:: Required work ::
Copy the data. Keep every character as given.

Stored data entries:
lemma received_bfs_iff:
  assumes "t' \<le> t"
  shows "received (ideal_inbox t x) t' y 1 p
    \<longleftrightarrow> y \<in> nbrs E x \<and> depth y < t'
    \<and> p = (if y \<noteq> l \<and> x = parent y then 1 else 0)"
  unfolding received_ideal_iff[OF assms] using schedule_bfs_iff[OF nbrs_in_V, of y x] by auto
lemma received_size_iff:
  assumes "t' \<le> t"
  shows "received (ideal_inbox t x) t' y 2 p
    \<longleftrightarrow> y \<in> nbrs E x \<and> y \<noteq> l \<and> x = parent y
    \<and> upcast_round y < t' \<and> p = prod_encode (subtree_size y, max_depth y)"
  unfolding received_ideal_iff[OF assms] using schedule_size_iff[OF nbrs_in_V, of y x] by auto
lemma received_preorder_iff:
  assumes "t' \<le> t"
  shows "received (ideal_inbox t x) t' y 3 p
    \<longleftrightarrow> y \<in> nbrs E x \<and> x \<in> children y
    \<and> 2 * height + 2 + depth y < t' \<and> p = prod_encode (preorder x, height)"
  unfolding received_ideal_iff[OF assms] using schedule_preorder_iff[OF nbrs_in_V, of y x] by auto
lemma received_announce_iff:
  assumes "t' \<le> t"
  shows "received (ideal_inbox t x) t' y 4 p
    \<longleftrightarrow> y \<in> nbrs E x \<and> 3 * height + 3 < t' \<and> p = preorder y"
  unfolding received_ideal_iff[OF assms] using schedule_announce_iff[OF nbrs_in_V, of y x] by auto
lemma received_low_high_iff:
  assumes "t' \<le> t"
  shows "received (ideal_inbox t x) t' y 5 p
    \<longleftrightarrow> y \<in> nbrs E x \<and> y \<noteq> l \<and> x = parent y
    \<and> 4 * height + 4 - depth y < t' \<and> p = prod_encode (low y, high y)"
  unfolding received_ideal_iff[OF assms] using schedule_low_high_iff[OF nbrs_in_V, of y x] by auto
lemma received_label_iff:
  assumes "t' \<le> t"
  shows "received (ideal_inbox t x) t' y 6 p
    \<longleftrightarrow> y \<in> nbrs E x \<and> x \<in> children y
    \<and> 4 * height + 5 + depth y < t' \<and> p = label y"
  unfolding received_ideal_iff[OF assms] using schedule_label_iff[OF nbrs_in_V, of y x] by auto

:: Reply to the exercise ::
lemma received_bfs_iff:
  assumes "t' \<le> t"
  shows "received (ideal_inbox t x) t' y 1 p
    \<longleftrightarrow> y \<in> nbrs E x \<and> depth y < t'
    \<and> p = (if y \<noteq> l \<and> x = parent y then 1 else 0)"
  unfolding received_ideal_iff[OF assms] using schedule_bfs_iff[OF nbrs_in_V, of y x] by auto
lemma received_size_iff:
  assumes "t' \<le> t"
  shows "received (ideal_inbox t x) t' y 2 p
    \<longleftrightarrow> y \<in> nbrs E x \<and> y \<noteq> l \<and> x = parent y
    \<and> upcast_round y < t' \<and> p = prod_encode (subtree_size y, max_depth y)"
  unfolding received_ideal_iff[OF assms] using schedule_size_iff[OF nbrs_in_V, of y x] by auto
lemma received_preorder_iff:
  assumes "t' \<le> t"
  shows "received (ideal_inbox t x) t' y 3 p
    \<longleftrightarrow> y \<in> nbrs E x \<and> x \<in> children y
    \<and> 2 * height + 2 + depth y < t' \<and> p = prod_encode (preorder x, height)"
  unfolding received_ideal_iff[OF assms] using schedule_preorder_iff[OF nbrs_in_V, of y x] by auto
lemma received_announce_iff:
  assumes "t' \<le> t"
  shows "received (ideal_inbox t x) t' y 4 p
    \<longleftrightarrow> y \<in> nbrs E x \<and> 3 * height + 3 < t' \<and> p = preorder y"
  unfolding received_ideal_iff[OF assms] using schedule_announce_iff[OF nbrs_in_V, of y x] by auto
lemma received_low_high_iff:
  assumes "t' \<le> t"
  shows "received (ideal_inbox t x) t' y 5 p
    \<longleftrightarrow> y \<in> nbrs E x \<and> y \<noteq> l \<and> x = parent y
    \<and> 4 * height + 4 - depth y < t' \<and> p = prod_encode (low y, high y)"
  unfolding received_ideal_iff[OF assms] using schedule_low_high_iff[OF nbrs_in_V, of y x] by auto
lemma received_label_iff:
  assumes "t' \<le> t"
  shows "received (ideal_inbox t x) t' y 6 p
    \<longleftrightarrow> y \<in> nbrs E x \<and> x \<in> children y
    \<and> 4 * height + 5 + depth y < t' \<and> p = label y"
  unfolding received_ideal_iff[OF assms] using schedule_label_iff[OF nbrs_in_V, of y x] by auto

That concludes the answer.